### [Task directions]
The whole listing should be retyped exactly as it appears.

### [Data]
lemma cmod_transition_cart_prod:
  assumes "\<And>x. \<not> E1 x x" "periodic E1 u t" "pst E2 v w s"
  shows "cmod (transition (cart_prod E1 E2) t $ (u, v) $ (u, w)) = cmod (transition E2 (t - s) $ v $ v)"
proof -
  obtain \<gamma> \<gamma>' where \<gamma>: "cmod \<gamma> = 1" "transition E1 t *v axis u 1 = \<gamma> *s axis u 1"
    and \<gamma>': "cmod \<gamma>' = 1" "transition E2 s *v axis w 1 = \<gamma>' *s axis v 1"
    using assms(2,3) unfolding pst_def by blast
  have "transition E2 t *v axis w 1 = transition E2 (t - s) *v (transition E2 s *v axis w 1)"
    by (simp add: matrix_vector_mul_assoc transition_add[symmetric])
  then have "transition E2 t *v axis w 1 = \<gamma>' *s (transition E2 (t - s) *v axis v 1)"
    by (simp add: \<gamma>'(2) vector_scalar_commute)
  then have "transition E2 t $ v $ w = \<gamma>' * transition E2 (t - s) $ v $ v"
    by (metis matrix_vector_mult_axis vector_smult_component)
  moreover have "transition E1 t $ u $ u = \<gamma>"
    using \<gamma>(2) by (simp add: matrix_vector_mult_axis_eq)
  ultimately show ?thesis
    by (simp add: transition_cart_prod[OF assms(1)] norm_mult \<gamma>(1) \<gamma>'(1))
qed

lemma rat_independent_abs_ratio_irrational:
  fixes \<tau> \<eta> :: real
  assumes "\<forall>p q :: rat. of_rat p * \<tau> + of_rat q * \<eta> = 0 \<longrightarrow> p = 0 \<and> q = 0"
  shows "\<bar>\<tau>\<bar> / \<bar>\<eta>\<bar> \<notin> \<rat>"
proof
  assume "\<bar>\<tau>\<bar> / \<bar>\<eta>\<bar> \<in> \<rat>"
  then obtain r where r: "\<bar>\<tau>\<bar> / \<bar>\<eta>\<bar> = of_rat r"
    by (auto elim: Rats_cases)
  have "\<eta> \<noteq> 0"
    using assms by (metis add_0 mult_zero_left mult_zero_right of_rat_1 of_rat_0 zero_neq_one)
  define p :: rat where "p = (if \<tau> \<ge> 0 then 1 else -1)"
  define q :: rat where "q = - r * (if \<eta> \<ge> 0 then 1 else -1)"
  have "of_rat p * \<tau> + of_rat q * \<eta> = \<bar>\<tau>\<bar> - of_rat r * \<bar>\<eta>\<bar>"
    by (simp add: p_def q_def of_rat_mult of_rat_minus)
  also have "\<dots> = 0"
    using r \<open>\<eta> \<noteq> 0\<close> by (simp add: field_simps)
  finally have "p = 0"
    using assms by blast
  then show False
    by (simp add: p_def split: if_splits)
qed

lemma odd_multiple_approx:
  fixes \<tau> \<eta> d :: real
  assumes "\<tau> > 0" "\<eta> > 0" "\<tau> / \<eta> \<notin> \<rat>" "d > 0"
  obtains k n :: nat where "\<bar>real k * \<tau> - real (2 * n + 1) * \<eta>\<bar> < d"
proof -
  define \<theta> where "\<theta> = \<tau> / (2 * \<eta>)"
  have "\<theta> \<notin> \<rat>"
  proof
    assume "\<theta> \<in> \<rat>"
    then have "2 * \<theta> \<in> \<rat>"
      by simp
    with assms(3) show False
      by (simp add: \<theta>_def)
  qed
  then obtain k :: nat where k: "\<bar>frac (real k * \<theta>) - 1 / 2\<bar> < d / (2 * \<eta>)"
    using Kronecker_approx_1_explicit[of \<theta> "1 / 2" "d / (2 * \<eta>)"] assms by auto
  define n where "n = nat \<lfloor>real k * \<theta>\<rfloor>"
  have "real n = of_int \<lfloor>real k * \<theta>\<rfloor>"
    using assms by (simp add: n_def \<theta>_def)
  then have "real k * \<tau> - real (2 * n + 1) * \<eta> = 2 * \<eta> * (frac (real k * \<theta>) - 1 / 2)"
    using assms by (simp add: frac_def \<theta>_def field_simps)
  also have "\<bar>\<dots>\<bar> = 2 * \<eta> * \<bar>frac (real k * \<theta>) - 1 / 2\<bar>"
    using assms by (simp add: abs_mult)
  also have "\<dots> < 2 * \<eta> * (d / (2 * \<eta>))"
    using k assms by (intro mult_strict_left_mono) auto
  also have "\<dots> = d"
    using assms by simp
  finally show thesis
    using that by blast
qed

theorem theorem4p2:
  fixes E1 :: "'a::finite \<Rightarrow> 'a \<Rightarrow> bool" and E2 :: "'b::finite \<Rightarrow> 'b \<Rightarrow> bool"
    and u :: 'a and v w :: 'b and \<tau> \<eta> :: real and \<gamma> \<gamma>' :: complex
  assumes "simple_graph E1" and "simple_graph E2"
    and "\<tau> \<noteq> 0" and "cmod \<gamma> = 1"
    and "transition E1 \<tau> *v axis u 1 = \<gamma> *s axis u 1"
    and "\<eta> \<noteq> 0" and "cmod \<gamma>' = 1"
    and "transition E2 \<eta> *v axis w 1 = \<gamma>' *s axis v 1"
    and "\<forall>p q :: rat. of_rat p * \<tau> + of_rat q * \<eta> = 0 \<longrightarrow> p = 0 \<and> q = 0"
  shows "pgst (cart_prod E1 E2) (u, v) (u, w)"
  unfolding pgst_def
proof (intro allI impI)
  fix \<epsilon> :: real
  assume "\<epsilon> > 0"
  have loopless: "\<And>x. \<not> E1 x x"
    using assms(1) by (simp add: simple_graph_def)
  have "periodic E1 u \<tau>" and "pst E2 v w \<eta>"
    using assms(4,5,7,8) unfolding pst_def by blast+
  then have "periodic E1 u \<bar>\<tau>\<bar>" and "pst E2 v w \<bar>\<eta>\<bar>"
    by (simp_all add: pst_abs)
  obtain d where "d > 0" and close: "\<And>\<delta>. \<bar>\<delta>\<bar> < d \<Longrightarrow> \<bar>cmod (transition E2 \<delta> $ v $ v) - 1\<bar> < \<epsilon>"
    using transition_diag_close[OF \<open>\<epsilon> > 0\<close>] by blast
  obtain k n :: nat where "\<bar>real k * \<bar>\<tau>\<bar> - real (2 * n + 1) * \<bar>\<eta>\<bar>\<bar> < d"
    using odd_multiple_approx rat_independent_abs_ratio_irrational[OF assms(9)] assms(3,6) \<open>d > 0\<close>
    by (metis zero_less_abs_iff)
  moreover have "cmod (transition (cart_prod E1 E2) (real k * \<bar>\<tau>\<bar>) $ (u, v) $ (u, w))
      = cmod (transition E2 (real k * \<bar>\<tau>\<bar> - real (2 * n + 1) * \<bar>\<eta>\<bar>) $ v $ v)"
    by (intro cmod_transition_cart_prod loopless periodic_multiple pst_odd_multiple
        \<open>periodic E1 u \<bar>\<tau>\<bar>\<close> \<open>pst E2 v w \<bar>\<eta>\<bar>\<close>)
  ultimately show "\<exists>t. \<bar>cmod (transition (cart_prod E1 E2) t $ (u, v) $ (u, w)) - 1\<bar> < \<epsilon>"
    using close by metis
qed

### [Exercise solution]
lemma cmod_transition_cart_prod:
  assumes "\<And>x. \<not> E1 x x" "periodic E1 u t" "pst E2 v w s"
  shows "cmod (transition (cart_prod E1 E2) t $ (u, v) $ (u, w)) = cmod (transition E2 (t - s) $ v $ v)"
proof -
  obtain \<gamma> \<gamma>' where \<gamma>: "cmod \<gamma> = 1" "transition E1 t *v axis u 1 = \<gamma> *s axis u 1"
    and \<gamma>': "cmod \<gamma>' = 1" "transition E2 s *v axis w 1 = \<gamma>' *s axis v 1"
    using assms(2,3) unfolding pst_def by blast
  have "transition E2 t *v axis w 1 = transition E2 (t - s) *v (transition E2 s *v axis w 1)"
    by (simp add: matrix_vector_mul_assoc transition_add[symmetric])
  then have "transition E2 t *v axis w 1 = \<gamma>' *s (transition E2 (t - s) *v axis v 1)"
    by (simp add: \<gamma>'(2) vector_scalar_commute)
  then have "transition E2 t $ v $ w = \<gamma>' * transition E2 (t - s) $ v $ v"
    by (metis matrix_vector_mult_axis vector_smult_component)
  moreover have "transition E1 t $ u $ u = \<gamma>"
    using \<gamma>(2) by (simp add: matrix_vector_mult_axis_eq)
  ultimately show ?thesis
    by (simp add: transition_cart_prod[OF assms(1)] norm_mult \<gamma>(1) \<gamma>'(1))
qed

lemma rat_independent_abs_ratio_irrational:
  fixes \<tau> \<eta> :: real
  assumes "\<forall>p q :: rat. of_rat p * \<tau> + of_rat q * \<eta> = 0 \<longrightarrow> p = 0 \<and> q = 0"
  shows "\<bar>\<tau>\<bar> / \<bar>\<eta>\<bar> \<notin> \<rat>"
proof
  assume "\<bar>\<tau>\<bar> / \<bar>\<eta>\<bar> \<in> \<rat>"
  then obtain r where r: "\<bar>\<tau>\<bar> / \<bar>\<eta>\<bar> = of_rat r"
    by (auto elim: Rats_cases)
  have "\<eta> \<noteq> 0"
    using assms by (metis add_0 mult_zero_left mult_zero_right of_rat_1 of_rat_0 zero_neq_one)
  define p :: rat where "p = (if \<tau> \<ge> 0 then 1 else -1)"
  define q :: rat where "q = - r * (if \<eta> \<ge> 0 then 1 else -1)"
  have "of_rat p * \<tau> + of_rat q * \<eta> = \<bar>\<tau>\<bar> - of_rat r * \<bar>\<eta>\<bar>"
    by (simp add: p_def q_def of_rat_mult of_rat_minus)
  also have "\<dots> = 0"
    using r \<open>\<eta> \<noteq> 0\<close> by (simp add: field_simps)
  finally have "p = 0"
    using assms by blast
  then show False
    by (simp add: p_def split: if_splits)
qed

lemma odd_multiple_approx:
  fixes \<tau> \<eta> d :: real
  assumes "\<tau> > 0" "\<eta> > 0" "\<tau> / \<eta> \<notin> \<rat>" "d > 0"
  obtains k n :: nat where "\<bar>real k * \<tau> - real (2 * n + 1) * \<eta>\<bar> < d"
proof -
  define \<theta> where "\<theta> = \<tau> / (2 * \<eta>)"
  have "\<theta> \<notin> \<rat>"
  proof
    assume "\<theta> \<in> \<rat>"
    then have "2 * \<theta> \<in> \<rat>"
      by simp
    with assms(3) show False
      by (simp add: \<theta>_def)
  qed
  then obtain k :: nat where k: "\<bar>frac (real k * \<theta>) - 1 / 2\<bar> < d / (2 * \<eta>)"
    using Kronecker_approx_1_explicit[of \<theta> "1 / 2" "d / (2 * \<eta>)"] assms by auto
  define n where "n = nat \<lfloor>real k * \<theta>\<rfloor>"
  have "real n = of_int \<lfloor>real k * \<theta>\<rfloor>"
    using assms by (simp add: n_def \<theta>_def)
  then have "real k * \<tau> - real (2 * n + 1) * \<eta> = 2 * \<eta> * (frac (real k * \<theta>) - 1 / 2)"
    using assms by (simp add: frac_def \<theta>_def field_simps)
  also have "\<bar>\<dots>\<bar> = 2 * \<eta> * \<bar>frac (real k * \<theta>) - 1 / 2\<bar>"
    using assms by (simp add: abs_mult)
  also have "\<dots> < 2 * \<eta> * (d / (2 * \<eta>))"
    using k assms by (intro mult_strict_left_mono) auto
  also have "\<dots> = d"
    using assms by simp
  finally show thesis
    using that by blast
qed

theorem theorem4p2:
  fixes E1 :: "'a::finite \<Rightarrow> 'a \<Rightarrow> bool" and E2 :: "'b::finite \<Rightarrow> 'b \<Rightarrow> bool"
    and u :: 'a and v w :: 'b and \<tau> \<eta> :: real and \<gamma> \<gamma>' :: complex
  assumes "simple_graph E1" and "simple_graph E2"
    and "\<tau> \<noteq> 0" and "cmod \<gamma> = 1"
    and "transition E1 \<tau> *v axis u 1 = \<gamma> *s axis u 1"
    and "\<eta> \<noteq> 0" and "cmod \<gamma>' = 1"
    and "transition E2 \<eta> *v axis w 1 = \<gamma>' *s axis v 1"
    and "\<forall>p q :: rat. of_rat p * \<tau> + of_rat q * \<eta> = 0 \<longrightarrow> p = 0 \<and> q = 0"
  shows "pgst (cart_prod E1 E2) (u, v) (u, w)"
  unfolding pgst_def
proof (intro allI impI)
  fix \<epsilon> :: real
  assume "\<epsilon> > 0"
  have loopless: "\<And>x. \<not> E1 x x"
    using assms(1) by (simp add: simple_graph_def)
  have "periodic E1 u \<tau>" and "pst E2 v w \<eta>"
    using assms(4,5,7,8) unfolding pst_def by blast+
  then have "periodic E1 u \<bar>\<tau>\<bar>" and "pst E2 v w \<bar>\<eta>\<bar>"
    by (simp_all add: pst_abs)
  obtain d where "d > 0" and close: "\<And>\<delta>. \<bar>\<delta>\<bar> < d \<Longrightarrow> \<bar>cmod (transition E2 \<delta> $ v $ v) - 1\<bar> < \<epsilon>"
    using transition_diag_close[OF \<open>\<epsilon> > 0\<close>] by blast
  obtain k n :: nat where "\<bar>real k * \<bar>\<tau>\<bar> - real (2 * n + 1) * \<bar>\<eta>\<bar>\<bar> < d"
    using odd_multiple_approx rat_independent_abs_ratio_irrational[OF assms(9)] assms(3,6) \<open>d > 0\<close>
    by (metis zero_less_abs_iff)
  moreover have "cmod (transition (cart_prod E1 E2) (real k * \<bar>\<tau>\<bar>) $ (u, v) $ (u, w))
      = cmod (transition E2 (real k * \<bar>\<tau>\<bar> - real (2 * n + 1) * \<bar>\<eta>\<bar>) $ v $ v)"
    by (intro cmod_transition_cart_prod loopless periodic_multiple pst_odd_multiple
        \<open>periodic E1 u \<bar>\<tau>\<bar>\<close> \<open>pst E2 v w \<bar>\<eta>\<bar>\<close>)
  ultimately show "\<exists>t. \<bar>cmod (transition (cart_prod E1 E2) t $ (u, v) $ (u, w)) - 1\<bar> < \<epsilon>"
    using close by metis
qed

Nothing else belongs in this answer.